Tyler Russell, western Canadian man- ager for NorthStar Genetics, moderated a panel about leafy floury corn hybrids at the online Ag in Motion show in July. He says there is a big difference between corn hybrids bred for the grain market and those bred for silage.

“When you look at breeding for grain versus breeding for silage, there are a lot of opposing characteristics,” Russell says. “For silage, we’re looking for ‘how do we harvest that plant early in the season, maximize its total plant and total tonnage and get it to ferment as quickly as possible to be ultimately digestible in the cow.’ That really is our focus — the cow. That’s what they are designed for.”

Russell says that’s different than what’s in the marketplace today.

“Up to 90 per cent of the varieties in the marketplace today are bred for grain and a very different pathway to get as much cob, to get as many kernels and as much yield as they can,” he says. “They don’t necessarily care about the plant. They care about the structure to get it into the combine, to get it to dry down as fast as it can, to get it into an elevator, to get it into a railcar and to get it onto a barge to get it to its final destination. They care about the ship; we care about the cow.”

For silage, breeders want as much total plant with a moist kernel and which stays green as long as possible. They want kernels to be soft so they break up and can be easily chewed. They want large kernels to expose and get as many nutrients and as much breakage as possible. They want the stalk to be soft so it can be flexible. Ear height should be low because above the ear has more sugars and tends to have more high-digestible fibre.

Incorporating into rations

Ryan Hargreaves, sales manager with Country Farm Seeds in Ontario, has been incorporating floury leafy hybrids into rations for several years. He says the addition of the floury gene to the leafy varieties not only gives producers the tons per acre they want but also provides 10 to 12 per cent higher digestibility.

“What we generally notice is that the softer kernel at processing time going into the silo speeds up the ensile process, allowing for a fermented feed sooner out of the silo. The sooner you have a balanced product coming out, you will notice the milk production and fat production generally start going up within a few weeks or months after the fall harvest.”
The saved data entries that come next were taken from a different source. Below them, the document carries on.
lemma lambda_min_le_quadratic_form:
  fixes M :: "real^'n^'n"
  assumes sym: "transpose M = M"
  shows "lambda_min M * (norm v)\<^sup>2 \<le> v \<bullet> (M *v v)"
proof -
  obtain c u where u: "u \<noteq> 0" "M *v u = c *\<^sub>R u" and lower: "\<And>v. c * (norm v)\<^sup>2 \<le> v \<bullet> (M *v v)"
    using symmetric_min_eigenvalue[OF sym] by blast
  have "lambda_min M \<le> c"
    unfolding lambda_min_def using symmetric_eigenvalues_finite[OF sym] u by (intro Min_le) auto
  then show ?thesis using lower[of v] by (meson mult_right_mono order_trans zero_le_power2)
qed

section \<open>The normalising sequence r\<close>

lemma rr_ge_1: "1 \<le> rr \<phi> n"
  unfolding rr_def by (simp add: sum_nonneg)

lemma rr_pos: "0 < rr \<phi> n"
  using rr_ge_1[of \<phi> n] by linarith

lemma rr_Suc: "rr \<phi> (Suc n) = rr \<phi> n + (norm (\<phi> (Suc n)))\<^sup>2"
  unfolding rr_def by simp

lemma rr_eq_rr_pred: "1 \<le> n \<Longrightarrow> rr \<phi> n = rr \<phi> (n - 1) + (norm (\<phi> n))\<^sup>2"
  using rr_Suc[of \<phi> "n - 1"] by simp

lemma rr_mono: "m \<le> n \<Longrightarrow> rr \<phi> m \<le> rr \<phi> n"
proof (induction n rule: dec_induct)
  case (step n)
  then show ?case using rr_Suc[of \<phi> n] zero_le_power2[of "norm (\<phi> (Suc n))"] by linarith
qed simp

lemma sum_norm_sq_eq_rr_diff:
  assumes "1 \<le> a" "a \<le> b"
  shows "(\<Sum>j\<in>{a..<b}. (norm (\<phi> j))\<^sup>2) = rr \<phi> (b - 1) - rr \<phi> (a - 1)"
  using assms(2)
proof (induction b rule: dec_induct)
  case (step n)
  then show ?case using rr_eq_rr_pred[of n \<phi>] assms(1) by simp
qed simp

lemma diff_div_le_ln_diff:
  fixes s R :: real
  assumes "0 < s" "0 < R"
  shows "(R - s) / R \<le> ln R - ln s"
proof -
  have "ln (s / R) \<le> s / R - 1" using assms by (intro ln_le_minus_one) simp
  then show ?thesis using assms by (simp add: ln_div diff_divide_distrib)
qed

lemma sum_norm_sq_div_rr_le_ln_diff:
  assumes "1 \<le> a" "a \<le> b"
  shows "(\<Sum>j\<in>{a..<b}. (norm (\<phi> j))\<^sup>2 / rr \<phi> j) \<le> ln (rr \<phi> (b - 1)) - ln (rr \<phi> (a - 1))"
  using assms(2)
proof (induction b rule: dec_induct)
  case (step n)
  have "(norm (\<phi> n))\<^sup>2 / rr \<phi> n = (rr \<phi> n - rr \<phi> (n - 1)) / rr \<phi> n"
    using rr_eq_rr_pred[of n \<phi>] step.hyps assms(1) by simp
  also have "\<dots> \<le> ln (rr \<phi> n) - ln (rr \<phi> (n - 1))"
    by (intro diff_div_le_ln_diff rr_pos)
  finally show ?case using step by simp
qed simp

lemma weighted_Cauchy_Schwarz:
  fixes u :: "'a::real_inner"
  assumes r: "\<And>j. j \<in> J \<Longrightarrow> 0 < r j"
  shows "(\<Sum>j\<in>J. p j / r j * (u \<bullet> f j))\<^sup>2
    \<le> (norm u)\<^sup>2 * ((\<Sum>j\<in>J. (p j)\<^sup>2 / r j) * (\<Sum>j\<in>J. (norm (f j))\<^sup>2 / r j))"
proof -
  define \<alpha> where "\<alpha> j = \<bar>p j\<bar> / sqrt (r j)" for j
  define \<beta> where "\<beta> j = norm u * norm (f j) / sqrt (r j)" for j
  have "\<bar>p j / r j * (u \<bullet> f j)\<bar> \<le> \<alpha> j * \<beta> j" if "j \<in> J" for j
  proof -
    have "\<bar>p j / r j * (u \<bullet> f j)\<bar> \<le> \<bar>p j\<bar> / r j * (norm u * norm (f j))"
      using r[OF that] Cauchy_Schwarz_ineq2[of u "f j"]
      by (simp add: abs_mult divide_right_mono mult_left_mono)
    also have "\<dots> = \<alpha> j * \<beta> j"
      unfolding \<alpha>_def \<beta>_def using r[OF that] by (simp add: field_simps)
    finally show ?thesis .
  qed
  then have "\<bar>\<Sum>j\<in>J. p j / r j * (u \<bullet> f j)\<bar> \<le> (\<Sum>j\<in>J. \<alpha> j * \<beta> j)"
    by (rule order_trans[OF sum_abs sum_mono])
  then have "(\<Sum>j\<in>J. p j / r j * (u \<bullet> f j))\<^sup>2 \<le> (\<Sum>j\<in>J. \<alpha> j * \<beta> j)\<^sup>2"
    by (metis abs_ge_zero power2_abs power_mono)
  also have "\<dots> \<le> (\<Sum>j\<in>J. (\<alpha> j)\<^sup>2) * (\<Sum>j\<in>J. (\<beta> j)\<^sup>2)"
    by (rule Cauchy_Schwarz_ineq_sum)
  also have "(\<Sum>j\<in>J. (\<alpha> j)\<^sup>2) = (\<Sum>j\<in>J. (p j)\<^sup>2 / r j)"
    unfolding \<alpha>_def using r by (intro sum.cong) (auto simp: power_divide less_imp_le)
  also have "(\<Sum>j\<in>J. (\<beta> j)\<^sup>2) = (norm u)\<^sup>2 * (\<Sum>j\<in>J. (norm (f j))\<^sup>2 / r j)"
    unfolding \<beta>_def sum_distrib_left using r
    by (intro sum.cong) (auto simp: power_divide power_mult_distrib less_imp_le)
  finally show ?thesis by (simp add: ac_simps)
qed

lemma DD_ge_1:
  assumes "t (k - 1) \<le> t k"
  shows "1 \<le> DD \<phi> t k"
proof -
  have "rr \<phi> (t (k - 1) - 1) \<le> rr \<phi> (t k - 1)" using assms by (intro rr_mono) simp
  then have "0 \<le> rr \<phi> (t k - 1) * (ln (rr \<phi> (t k - 1)) - ln (rr \<phi> (t (k - 1) - 1)))"
    using rr_pos[of \<phi>] by (simp add: less_imp_le)
  then show ?thesis unfolding DD_def using rr_ge_1[of \<phi> "t (k - 1) - 1"] by linarith
qed

section \<open>Energy decay along the transition orbit\<close>

locale transition_orbit =
  fixes \<phi> x :: "nat \<Rightarrow> real^'d"
  assumes x_Suc: "x (Suc n) = x n - ((\<phi> n \<bullet> x n) / rr \<phi> n) *\<^sub>R \<phi> n"
begin

definition dissipation :: "nat \<Rightarrow> nat \<Rightarrow> real" where
  "dissipation a b = (\<Sum>j\<in>{a..<b}. (\<phi> j \<bullet> x j)\<^sup>2 / rr \<phi> j)"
Hargreaves has seen silage fermentation occur between 10 to 25 per cent faster in the bunk or the silo. This gives producers a balanced, fermented feed sooner so it is easier to balance the ration and easier for the cow to digest sooner.
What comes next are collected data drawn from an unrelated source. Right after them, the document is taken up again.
lemma negative_margin_drop_bound:
  fixes M \<delta> :: real
  assumes B: "B > 0" and M: "0 < M" "\<And>i. i < n \<Longrightarrow> path_margin B i \<le> M"
    and \<delta>: "0 < \<delta>" "\<delta> \<le> 1/2" and j: "j < n" "B * path_margin B j + B * \<delta> * \<gamma> / 2 \<le> 0"
  shows "(l 0 - l 1) * \<gamma> / (2 * n * M) * (B * \<gamma> / 4) \<le> l 0 - l (B * \<gamma> / 4)"
proof -
  let ?a = "B * path_margin B j" and ?t = "B * \<gamma> / 4"
  have "0 < B * \<delta> * \<gamma> / 2"
    using B \<delta> \<gamma>_pos by simp
  then have "?a < 0"
    using j(2) by linarith
  then have "path_margin B j \<le> \<gamma> / 2"
    using B \<gamma>_pos by (simp add: mult_less_0_iff)
  have "(l 0 - l 1) * (B * \<delta> * \<gamma> / 2) \<le> l ?a - l (?a + B * \<delta> * \<gamma> / 2)"
    using convex_on_drop_rate_mono[OF l_convex, of ?a "?a + B * \<delta> * \<gamma> / 2" 0 1] j(2) \<open>0 < B * \<delta> * \<gamma> / 2\<close>
    by (simp add: mult.commute)
  then have "(l 0 - l 1) * (B * \<delta> * \<gamma> / 2) * (?t - 0) \<le> (l ?a - l (?a + B * \<delta> * \<gamma> / 2)) * (?t - 0)"
    using B \<gamma>_pos by (intro mult_right_mono) auto
  also have "\<dots> \<le> n * ((l 0 - l ?t) * (B * \<delta> * M))"
    by (rule perturbation_chord_bound[OF B \<delta> M j(1) \<open>path_margin B j \<le> \<gamma> / 2\<close>]) (use B \<gamma>_pos in auto)
  finally have "(B * \<delta>) * ((l 0 - l 1) * \<gamma> / 2 * ?t) \<le> (B * \<delta>) * (n * M * (l 0 - l ?t))"
    by (simp add: algebra_simps)
  then have "(l 0 - l 1) * \<gamma> / 2 * ?t \<le> n * M * (l 0 - l ?t)"
    by (rule mult_left_le_imp_le) (use B \<delta> in simp)
  then show ?thesis
    using n_pos M by (simp add: field_simps)
qed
He says the nice thing about switching to a silage-specific hybrid is there is very little a producer has to do differently except reduce seed- ing rates slightly. That’s because leafy and leafy floury varieties need some extra space to grow and expand and slightly lowering seeding rates can lead to more digestible stalks as well as larger ears.

“Some guys are still planting 34,000 plants per acre even for silage corn and we’d like to reduce that plants per acre to somewhere between 28,000 and 30,000 plants per acre because the nutrients are in the top part of the plant in silage,” Hargreaves says. “Also, with the flex ear, you allow for the ear to flex out and produce more kernels. You also get a bigger, wider leaf on the plant itself above the cob. That helps keep your tons per acre up and then you have your grain at a very good ratio.”

Tips to remember

Producers should keep in mind that not all areas of Western Canada have the heat units to successfully silage a longer-season leafy floury variety. For silage operations that don’t have their own silage harvester, choosing a silage-specific variety can help lengthen the window for harvesting.
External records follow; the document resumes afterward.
lemma square_div_powr_le:
  fixes t \<delta> :: real
  assumes t: "1 \<le> t" and \<delta>: "0 \<le> \<delta>" "\<delta> \<le> 1"
  shows "(1 - \<delta> powr t)\<^sup>2 / (10 * exp 1) powr t \<le> (1 - \<delta> powr t) / (10 * exp t)"
proof -
  have d: "0 \<le> 1 - \<delta> powr t" "1 - \<delta> powr t \<le> 1"
    using \<delta> t powr_mono2[of t \<delta> 1] by auto
  have "exp 1 powr t = exp t" by (simp add: powr_def)
  then have "(10 * exp 1) powr t = 10 powr t * exp t" by (simp add: powr_mult)
  moreover have "10 * exp t \<le> 10 powr t * exp t"
    using powr_mono[OF t, of 10] by simp
  ultimately have "10 * exp t \<le> (10 * exp 1) powr t" by simp
  then have "(1 - \<delta> powr t) / (10 * exp 1) powr t \<le> (1 - \<delta> powr t) / (10 * exp t)"
    using d by (intro divide_left_mono) auto
  moreover have "(1 - \<delta> powr t)\<^sup>2 \<le> 1 - \<delta> powr t"
    using d by (simp add: power2_eq_square mult_left_le_one_le)
  ultimately show ?thesis
    using divide_right_mono[of "(1 - \<delta> powr t)\<^sup>2" "1 - \<delta> powr t" "(10 * exp 1) powr t"] by simp
qed

theorem lemma4p3:
  shows "\<exists>C1::real. C1 > 1 \<and>
    (\<forall>n M t \<delta> x. n \<ge> 1 \<and> log_concave n M \<and> centered n M \<and> t \<ge> 1 \<and> 0 < \<delta> \<and> \<delta> < 1 \<and>
       x \<in> (\<lambda>z i. \<delta> * z i) ` Zplus n M t \<longrightarrow>
       phi n M x \<ge> (1 - \<delta> powr t)\<^sup>2 / C1 powr t)"
proof (intro exI[of _ "10 * exp 1"] conjI allI impI)
  show "10 * exp 1 > (1::real)" using exp_ge_add_one_self[of 1] by simp
  fix n M t \<delta> and x :: "nat \<Rightarrow> real"
  assume hyps: "1 \<le> n \<and> log_concave n M \<and> centered n M \<and> 1 \<le> t \<and> 0 < \<delta> \<and> \<delta> < 1 \<and>
    x \<in> (\<lambda>z i. \<delta> * z i) ` Zplus n M t"
  then have "(1 - \<delta> powr t) / (10 * exp t) \<le> phi n M x"
    by (intro phi_ge_of_mem_scaled_Zplus) auto
  moreover have "(1 - \<delta> powr t)\<^sup>2 / (10 * exp 1) powr t \<le> (1 - \<delta> powr t) / (10 * exp t)"
    using hyps by (intro square_div_powr_le) auto
  ultimately show "(1 - \<delta> powr t)\<^sup>2 / (10 * exp 1) powr t \<le> phi n M x" by linarith
qed

end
If a rancher is using corn for grazing, producers may want to choose a variety with slightly longer heat units to correspond closely with proper maturity at frost dates, as well as slightly lowering seeding rates.

Finally, wherever growers are in the country, Russell recommends growing the variety that’s best suited for their region. “A variety will perform a little differently with heat units in Ontario than it will in the West,” he says.